-- Data for the task follows --

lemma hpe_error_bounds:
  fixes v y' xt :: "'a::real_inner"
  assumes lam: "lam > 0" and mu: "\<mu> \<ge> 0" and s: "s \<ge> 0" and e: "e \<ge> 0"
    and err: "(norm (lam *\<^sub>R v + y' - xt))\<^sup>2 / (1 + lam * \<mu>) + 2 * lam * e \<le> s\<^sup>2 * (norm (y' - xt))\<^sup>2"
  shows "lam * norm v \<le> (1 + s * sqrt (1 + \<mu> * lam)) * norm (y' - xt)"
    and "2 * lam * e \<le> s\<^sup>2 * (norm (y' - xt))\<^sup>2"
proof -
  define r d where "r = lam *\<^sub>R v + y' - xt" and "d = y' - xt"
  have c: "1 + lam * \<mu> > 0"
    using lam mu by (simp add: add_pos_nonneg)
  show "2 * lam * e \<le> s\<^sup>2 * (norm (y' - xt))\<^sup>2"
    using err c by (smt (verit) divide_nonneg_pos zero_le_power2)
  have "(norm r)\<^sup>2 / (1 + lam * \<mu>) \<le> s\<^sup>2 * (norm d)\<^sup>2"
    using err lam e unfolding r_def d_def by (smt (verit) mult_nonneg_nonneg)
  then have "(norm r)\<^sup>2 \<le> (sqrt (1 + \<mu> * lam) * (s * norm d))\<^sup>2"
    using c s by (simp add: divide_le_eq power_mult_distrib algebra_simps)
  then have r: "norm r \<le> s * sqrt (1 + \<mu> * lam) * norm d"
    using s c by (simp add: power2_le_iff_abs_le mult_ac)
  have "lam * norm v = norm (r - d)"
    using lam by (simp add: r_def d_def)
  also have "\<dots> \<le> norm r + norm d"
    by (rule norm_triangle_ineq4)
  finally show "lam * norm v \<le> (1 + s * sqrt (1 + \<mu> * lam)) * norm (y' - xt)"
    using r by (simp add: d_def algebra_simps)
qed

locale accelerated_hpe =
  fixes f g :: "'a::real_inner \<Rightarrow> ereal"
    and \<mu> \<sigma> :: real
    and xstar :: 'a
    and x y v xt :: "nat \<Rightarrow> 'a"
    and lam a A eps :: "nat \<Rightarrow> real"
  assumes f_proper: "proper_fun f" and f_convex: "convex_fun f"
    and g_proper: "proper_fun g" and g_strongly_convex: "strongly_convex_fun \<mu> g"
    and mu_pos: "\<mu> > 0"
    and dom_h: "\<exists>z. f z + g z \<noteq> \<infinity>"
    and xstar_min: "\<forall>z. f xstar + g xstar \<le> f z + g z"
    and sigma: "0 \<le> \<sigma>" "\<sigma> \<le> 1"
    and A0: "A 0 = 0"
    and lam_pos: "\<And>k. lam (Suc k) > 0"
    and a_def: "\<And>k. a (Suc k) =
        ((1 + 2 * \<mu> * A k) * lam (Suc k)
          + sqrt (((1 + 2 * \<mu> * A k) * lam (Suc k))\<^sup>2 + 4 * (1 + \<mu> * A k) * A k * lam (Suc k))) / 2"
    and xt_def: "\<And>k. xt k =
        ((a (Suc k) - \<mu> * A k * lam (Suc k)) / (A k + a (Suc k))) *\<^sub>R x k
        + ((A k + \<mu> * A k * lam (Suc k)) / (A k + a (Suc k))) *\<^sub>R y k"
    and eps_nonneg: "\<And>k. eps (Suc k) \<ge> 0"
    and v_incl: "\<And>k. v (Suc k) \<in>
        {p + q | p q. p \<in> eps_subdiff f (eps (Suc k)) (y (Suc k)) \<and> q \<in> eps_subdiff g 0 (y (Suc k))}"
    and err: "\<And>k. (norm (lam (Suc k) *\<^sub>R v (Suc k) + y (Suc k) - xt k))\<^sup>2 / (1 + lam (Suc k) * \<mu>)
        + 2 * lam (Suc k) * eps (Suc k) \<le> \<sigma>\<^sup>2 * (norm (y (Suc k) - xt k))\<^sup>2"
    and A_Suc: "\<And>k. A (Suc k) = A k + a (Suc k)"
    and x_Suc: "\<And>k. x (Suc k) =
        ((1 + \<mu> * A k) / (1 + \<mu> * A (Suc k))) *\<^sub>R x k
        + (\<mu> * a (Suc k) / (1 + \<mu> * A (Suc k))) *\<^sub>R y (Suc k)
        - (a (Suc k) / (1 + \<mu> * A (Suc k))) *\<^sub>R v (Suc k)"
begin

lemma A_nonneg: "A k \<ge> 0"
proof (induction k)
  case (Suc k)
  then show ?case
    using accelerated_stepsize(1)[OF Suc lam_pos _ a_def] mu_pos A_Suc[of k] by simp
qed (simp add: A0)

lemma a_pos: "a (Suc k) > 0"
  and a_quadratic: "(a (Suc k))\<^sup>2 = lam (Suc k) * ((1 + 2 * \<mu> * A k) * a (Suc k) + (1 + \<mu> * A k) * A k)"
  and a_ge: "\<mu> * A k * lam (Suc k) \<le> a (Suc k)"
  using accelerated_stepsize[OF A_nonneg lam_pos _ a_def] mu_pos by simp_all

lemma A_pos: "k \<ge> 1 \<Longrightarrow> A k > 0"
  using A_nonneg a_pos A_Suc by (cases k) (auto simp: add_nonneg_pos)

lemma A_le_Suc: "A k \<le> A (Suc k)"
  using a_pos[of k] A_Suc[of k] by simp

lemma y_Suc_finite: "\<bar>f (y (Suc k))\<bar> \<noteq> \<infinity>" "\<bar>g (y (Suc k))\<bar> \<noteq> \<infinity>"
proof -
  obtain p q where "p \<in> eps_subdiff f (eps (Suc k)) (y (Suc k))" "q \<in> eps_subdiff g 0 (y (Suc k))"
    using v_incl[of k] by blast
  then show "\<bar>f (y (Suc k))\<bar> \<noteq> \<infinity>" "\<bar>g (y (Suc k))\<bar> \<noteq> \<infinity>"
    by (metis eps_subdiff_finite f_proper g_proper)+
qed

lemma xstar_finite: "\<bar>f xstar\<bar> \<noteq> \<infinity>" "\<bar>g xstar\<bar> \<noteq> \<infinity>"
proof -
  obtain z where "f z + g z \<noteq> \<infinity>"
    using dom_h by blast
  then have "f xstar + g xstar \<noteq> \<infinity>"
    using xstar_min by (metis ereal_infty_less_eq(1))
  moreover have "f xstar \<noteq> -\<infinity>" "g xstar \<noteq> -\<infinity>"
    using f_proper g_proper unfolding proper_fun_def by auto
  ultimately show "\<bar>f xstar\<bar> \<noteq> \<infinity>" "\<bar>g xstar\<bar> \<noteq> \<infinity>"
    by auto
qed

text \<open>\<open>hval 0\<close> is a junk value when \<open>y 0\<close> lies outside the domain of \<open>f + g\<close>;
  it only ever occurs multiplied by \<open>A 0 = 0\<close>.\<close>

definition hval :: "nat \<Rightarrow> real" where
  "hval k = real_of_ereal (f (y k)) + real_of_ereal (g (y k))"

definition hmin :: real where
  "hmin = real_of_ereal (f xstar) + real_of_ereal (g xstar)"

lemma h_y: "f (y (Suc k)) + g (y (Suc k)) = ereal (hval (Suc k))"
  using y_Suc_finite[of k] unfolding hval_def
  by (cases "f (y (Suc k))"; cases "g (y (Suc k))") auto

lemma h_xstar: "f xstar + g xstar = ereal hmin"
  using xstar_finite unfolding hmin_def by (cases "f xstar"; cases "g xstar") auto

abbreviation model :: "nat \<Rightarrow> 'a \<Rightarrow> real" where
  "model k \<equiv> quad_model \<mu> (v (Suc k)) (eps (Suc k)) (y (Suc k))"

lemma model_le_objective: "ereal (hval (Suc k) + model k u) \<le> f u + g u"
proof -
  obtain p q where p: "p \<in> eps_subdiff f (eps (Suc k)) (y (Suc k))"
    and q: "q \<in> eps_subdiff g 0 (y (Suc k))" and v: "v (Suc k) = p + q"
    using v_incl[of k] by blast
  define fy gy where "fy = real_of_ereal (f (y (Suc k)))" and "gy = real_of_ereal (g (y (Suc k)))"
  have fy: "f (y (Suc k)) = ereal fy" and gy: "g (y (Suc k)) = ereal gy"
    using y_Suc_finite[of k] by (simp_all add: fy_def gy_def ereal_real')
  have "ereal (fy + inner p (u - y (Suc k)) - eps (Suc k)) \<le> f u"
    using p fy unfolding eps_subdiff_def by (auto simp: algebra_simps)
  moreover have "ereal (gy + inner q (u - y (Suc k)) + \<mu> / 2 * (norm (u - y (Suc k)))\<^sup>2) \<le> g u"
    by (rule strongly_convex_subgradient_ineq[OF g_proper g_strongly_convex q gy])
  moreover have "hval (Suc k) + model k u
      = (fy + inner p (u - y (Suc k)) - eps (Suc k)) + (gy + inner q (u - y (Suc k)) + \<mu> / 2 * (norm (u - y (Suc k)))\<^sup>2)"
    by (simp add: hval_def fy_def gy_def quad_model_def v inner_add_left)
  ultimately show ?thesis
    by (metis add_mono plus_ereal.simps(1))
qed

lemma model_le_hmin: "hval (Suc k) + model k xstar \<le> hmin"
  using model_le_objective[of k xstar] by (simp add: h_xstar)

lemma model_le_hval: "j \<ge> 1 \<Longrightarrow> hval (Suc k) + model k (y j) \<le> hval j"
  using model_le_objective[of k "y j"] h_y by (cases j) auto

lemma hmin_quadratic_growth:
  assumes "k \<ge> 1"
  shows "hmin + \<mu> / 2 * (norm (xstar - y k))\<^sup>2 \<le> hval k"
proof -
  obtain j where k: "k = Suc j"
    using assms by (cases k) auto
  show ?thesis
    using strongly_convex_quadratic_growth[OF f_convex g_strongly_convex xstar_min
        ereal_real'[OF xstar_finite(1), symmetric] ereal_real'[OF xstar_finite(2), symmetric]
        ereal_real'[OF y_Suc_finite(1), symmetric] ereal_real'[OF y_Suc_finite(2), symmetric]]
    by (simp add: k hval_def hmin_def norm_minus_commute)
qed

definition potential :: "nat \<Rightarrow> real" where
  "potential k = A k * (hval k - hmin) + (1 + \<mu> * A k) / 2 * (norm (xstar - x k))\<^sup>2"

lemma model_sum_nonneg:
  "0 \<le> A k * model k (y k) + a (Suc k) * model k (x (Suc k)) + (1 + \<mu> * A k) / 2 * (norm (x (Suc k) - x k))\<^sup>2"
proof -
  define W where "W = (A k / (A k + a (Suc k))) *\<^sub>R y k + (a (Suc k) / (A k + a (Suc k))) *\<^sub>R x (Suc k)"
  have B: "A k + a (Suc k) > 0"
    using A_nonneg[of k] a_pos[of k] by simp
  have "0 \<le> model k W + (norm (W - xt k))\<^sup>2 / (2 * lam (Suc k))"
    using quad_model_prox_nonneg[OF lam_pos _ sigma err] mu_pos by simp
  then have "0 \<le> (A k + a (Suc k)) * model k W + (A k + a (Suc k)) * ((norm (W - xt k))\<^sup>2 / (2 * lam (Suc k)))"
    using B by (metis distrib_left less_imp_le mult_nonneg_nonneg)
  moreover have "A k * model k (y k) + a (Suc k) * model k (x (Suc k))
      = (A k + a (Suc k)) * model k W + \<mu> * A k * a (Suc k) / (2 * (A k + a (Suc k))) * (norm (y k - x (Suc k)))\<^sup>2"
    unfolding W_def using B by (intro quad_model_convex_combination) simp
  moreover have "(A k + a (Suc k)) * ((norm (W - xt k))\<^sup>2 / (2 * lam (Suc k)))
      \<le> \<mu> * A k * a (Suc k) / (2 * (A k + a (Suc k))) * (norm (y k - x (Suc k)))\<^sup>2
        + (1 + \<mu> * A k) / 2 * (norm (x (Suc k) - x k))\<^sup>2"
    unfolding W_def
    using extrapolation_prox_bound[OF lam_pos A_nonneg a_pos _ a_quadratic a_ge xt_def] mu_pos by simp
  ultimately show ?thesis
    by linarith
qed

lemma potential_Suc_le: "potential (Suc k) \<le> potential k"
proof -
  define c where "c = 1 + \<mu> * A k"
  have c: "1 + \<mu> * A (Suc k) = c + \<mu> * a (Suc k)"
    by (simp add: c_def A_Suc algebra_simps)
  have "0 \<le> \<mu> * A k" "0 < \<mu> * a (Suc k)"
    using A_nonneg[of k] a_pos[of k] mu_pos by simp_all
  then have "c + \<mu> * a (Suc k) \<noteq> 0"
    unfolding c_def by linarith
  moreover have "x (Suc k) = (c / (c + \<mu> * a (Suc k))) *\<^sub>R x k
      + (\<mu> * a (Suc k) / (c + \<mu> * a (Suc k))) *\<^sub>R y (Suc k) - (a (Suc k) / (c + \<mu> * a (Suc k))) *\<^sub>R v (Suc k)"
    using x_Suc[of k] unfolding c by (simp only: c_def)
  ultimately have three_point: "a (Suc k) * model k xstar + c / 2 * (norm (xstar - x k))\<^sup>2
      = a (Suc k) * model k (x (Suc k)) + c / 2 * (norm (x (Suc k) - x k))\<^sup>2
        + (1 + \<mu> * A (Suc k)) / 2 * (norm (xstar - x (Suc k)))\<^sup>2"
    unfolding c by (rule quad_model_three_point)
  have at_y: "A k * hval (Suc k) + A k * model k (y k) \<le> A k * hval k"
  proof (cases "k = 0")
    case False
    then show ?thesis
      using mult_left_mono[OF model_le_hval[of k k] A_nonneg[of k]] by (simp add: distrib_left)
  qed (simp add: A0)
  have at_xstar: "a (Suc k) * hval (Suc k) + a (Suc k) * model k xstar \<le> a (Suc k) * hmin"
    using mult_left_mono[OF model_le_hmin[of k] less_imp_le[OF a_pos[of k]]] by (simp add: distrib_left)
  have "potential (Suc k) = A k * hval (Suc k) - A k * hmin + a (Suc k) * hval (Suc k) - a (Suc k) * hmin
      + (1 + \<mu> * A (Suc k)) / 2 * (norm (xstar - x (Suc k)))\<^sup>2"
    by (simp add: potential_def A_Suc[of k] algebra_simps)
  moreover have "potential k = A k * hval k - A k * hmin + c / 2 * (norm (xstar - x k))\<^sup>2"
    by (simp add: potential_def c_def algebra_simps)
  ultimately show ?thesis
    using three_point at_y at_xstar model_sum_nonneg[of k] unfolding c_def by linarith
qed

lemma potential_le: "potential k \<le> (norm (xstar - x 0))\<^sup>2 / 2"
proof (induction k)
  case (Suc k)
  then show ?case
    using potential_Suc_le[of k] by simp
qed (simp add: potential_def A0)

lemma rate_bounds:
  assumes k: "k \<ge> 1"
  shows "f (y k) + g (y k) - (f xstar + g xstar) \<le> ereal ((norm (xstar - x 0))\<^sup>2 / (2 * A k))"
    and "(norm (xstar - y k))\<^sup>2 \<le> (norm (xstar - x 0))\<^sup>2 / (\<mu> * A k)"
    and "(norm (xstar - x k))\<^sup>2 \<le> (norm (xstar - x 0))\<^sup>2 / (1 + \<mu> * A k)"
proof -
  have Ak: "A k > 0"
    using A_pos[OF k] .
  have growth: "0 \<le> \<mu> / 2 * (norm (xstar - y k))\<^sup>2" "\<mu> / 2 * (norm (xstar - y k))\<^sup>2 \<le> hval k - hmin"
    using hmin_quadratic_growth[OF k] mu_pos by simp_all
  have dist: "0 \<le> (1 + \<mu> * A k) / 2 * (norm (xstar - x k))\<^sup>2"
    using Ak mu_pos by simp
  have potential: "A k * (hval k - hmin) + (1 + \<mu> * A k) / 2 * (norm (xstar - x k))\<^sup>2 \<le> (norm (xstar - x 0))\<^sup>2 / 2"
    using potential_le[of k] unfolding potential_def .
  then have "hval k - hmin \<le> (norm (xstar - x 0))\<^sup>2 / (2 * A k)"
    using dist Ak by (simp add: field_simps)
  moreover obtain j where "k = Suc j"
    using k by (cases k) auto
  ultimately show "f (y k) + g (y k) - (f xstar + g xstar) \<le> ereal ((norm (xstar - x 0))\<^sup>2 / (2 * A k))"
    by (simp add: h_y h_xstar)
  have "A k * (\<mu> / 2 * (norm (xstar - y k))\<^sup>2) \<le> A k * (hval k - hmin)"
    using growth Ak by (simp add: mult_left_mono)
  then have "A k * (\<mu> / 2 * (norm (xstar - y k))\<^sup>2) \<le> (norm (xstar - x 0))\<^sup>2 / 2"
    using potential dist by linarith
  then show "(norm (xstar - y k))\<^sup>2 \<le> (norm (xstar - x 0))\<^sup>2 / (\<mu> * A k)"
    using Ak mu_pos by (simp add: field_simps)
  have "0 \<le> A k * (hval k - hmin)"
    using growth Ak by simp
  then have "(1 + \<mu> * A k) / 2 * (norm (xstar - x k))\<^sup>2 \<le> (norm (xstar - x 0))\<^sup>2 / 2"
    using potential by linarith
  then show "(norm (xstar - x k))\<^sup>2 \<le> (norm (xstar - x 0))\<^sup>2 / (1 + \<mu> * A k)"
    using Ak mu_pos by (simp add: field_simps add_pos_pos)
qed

-- Data for the task concluded --

▶ What you will do
Nothing but the lines from the one with "using potential dist by linarith" through the last line of the data should appear; print them exactly.

▶ Result
    using potential dist by linarith
  then show "(norm (xstar - y k))\<^sup>2 \<le> (norm (xstar - x 0))\<^sup>2 / (\<mu> * A k)"
    using Ak mu_pos by (simp add: field_simps)
  have "0 \<le> A k * (hval k - hmin)"
    using growth Ak by simp
  then have "(1 + \<mu> * A k) / 2 * (norm (xstar - x k))\<^sup>2 \<le> (norm (xstar - x 0))\<^sup>2 / 2"
    using potential by linarith
  then show "(norm (xstar - x k))\<^sup>2 \<le> (norm (xstar - x 0))\<^sup>2 / (1 + \<mu> * A k)"
    using Ak mu_pos by (simp add: field_simps add_pos_pos)
qed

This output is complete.